▶ [Exercise] Copy out exactly every line from the line containing "real m ^ (3" until the records below end, inclusive of both boundary lines.

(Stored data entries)
(* Let $\pi(m)=(1/2)^m$ for $m\in\mathbb{N}^+$ (and $0$ otherwise), and let the proposal be $q(m,\{m+1\})=\theta=1-q(m,\{m-1\})$ for $m\in\mathbb{Z}$, $\theta\in(0,1)$. For $m,N\in\mathbb{N}^+$ let the weights be $$W_{m,N}=\frac{b_m-\varepsilon_m}{N}\,\mathrm{Bin}(N,s_m)+\varepsilon_m,$$ with $b_m=m$, $\varepsilon_m=m^{-(3-(m\bmod 3))}$, $\mathrm{Bin}(N,s)$ a binomial random variable with parameters $N$ and $s$, and $s_m\in[0,1]$ chosen so that $\mathbb{E}[W_{m,N}]=1$ (i.e. $s_m=\frac{1-\varepsilon_m}{b_m-\varepsilon_m}$ whenever $b_m\neq\varepsilon_m$). Then for every $N\in\mathbb{N}^+$ the chain generated by the noisy kernel $\tilde P_N$ is transient.
   Context: Noisy Metropolis–Hastings kernel $\tilde P_N$: from state $m$, propose $Y\sim q(m,\cdot)$, draw independent weights $W\sim Q_{m,N}$, $U\sim Q_{Y,N}$ (the laws of $W_{m,N}$, $W_{Y,N}$), and move to $Y$ with probability $\min\{1,\frac{\pi(Y)q(Y,m)}{\pi(m)q(m,Y)}\cdot\frac{U}{W}\}$, otherwise stay at $m$ (proposals outside $\mathbb{N}^+$ are rejected). *)

theory Defs
  imports "HOL-Probability.Probability"
begin

definition pi_target :: "nat \<Rightarrow> real" where
  "pi_target m = (if m \<ge> 1 then (1/2) ^ m else 0)"

definition q_prop :: "real \<Rightarrow> int \<Rightarrow> int \<Rightarrow> real" where
  "q_prop \<theta> m y = (if y = m + 1 then \<theta> else if y = m - 1 then 1 - \<theta> else 0)"

definition b_w :: "nat \<Rightarrow> real" where
  "b_w m = real m"

definition eps_w :: "nat \<Rightarrow> real" where
  "eps_w m = 1 / real m ^ (3 - m mod 3)"

text \<open>s_m chosen so that E[W_{m,N}] = 1 (when b_m = eps_m the law of W does not depend on s_m;
  we then take s_m = 0).\<close>
definition s_w :: "nat \<Rightarrow> real" where
  "s_w m = (if b_w m = eps_w m then 0 else (1 - eps_w m) / (b_w m - eps_w m))"

definition W_law :: "nat \<Rightarrow> nat \<Rightarrow> real pmf" where
  "W_law N m = map_pmf (\<lambda>k. (b_w m - eps_w m) / real N * real k + eps_w m)
                       (binomial_pmf N (s_w m))"

definition noisy_step :: "real \<Rightarrow> nat \<Rightarrow> nat \<Rightarrow> nat pmf" where
  "noisy_step \<theta> N m =
     do { up \<leftarrow> bernoulli_pmf \<theta>;
          let y = (if up then int m + 1 else int m - 1);
          if y < 1 then return_pmf m
          else do {
            w \<leftarrow> W_law N m;
            u \<leftarrow> W_law N (nat y);
            acc \<leftarrow> bernoulli_pmf (min 1 ((pi_target (nat y) * q_prop \<theta> y (int m)) /
                                             (pi_target m * q_prop \<theta> (int m) y) * (u / w)));
            return_pmf (if acc then nat y else m) } }"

▶ [Exercise response]
  "eps_w m = 1 / real m ^ (3 - m mod 3)"

text \<open>s_m chosen so that E[W_{m,N}] = 1 (when b_m = eps_m the law of W does not depend on s_m;
  we then take s_m = 0).\<close>
definition s_w :: "nat \<Rightarrow> real" where
  "s_w m = (if b_w m = eps_w m then 0 else (1 - eps_w m) / (b_w m - eps_w m))"

definition W_law :: "nat \<Rightarrow> nat \<Rightarrow> real pmf" where
  "W_law N m = map_pmf (\<lambda>k. (b_w m - eps_w m) / real N * real k + eps_w m)
                       (binomial_pmf N (s_w m))"

definition noisy_step :: "real \<Rightarrow> nat \<Rightarrow> nat \<Rightarrow> nat pmf" where
  "noisy_step \<theta> N m =
     do { up \<leftarrow> bernoulli_pmf \<theta>;
          let y = (if up then int m + 1 else int m - 1);
          if y < 1 then return_pmf m
          else do {
            w \<leftarrow> W_law N m;
            u \<leftarrow> W_law N (nat y);
            acc \<leftarrow> bernoulli_pmf (min 1 ((pi_target (nat y) * q_prop \<theta> y (int m)) /
                                             (pi_target m * q_prop \<theta> (int m) y) * (u / w)));
            return_pmf (if acc then nat y else m) } }"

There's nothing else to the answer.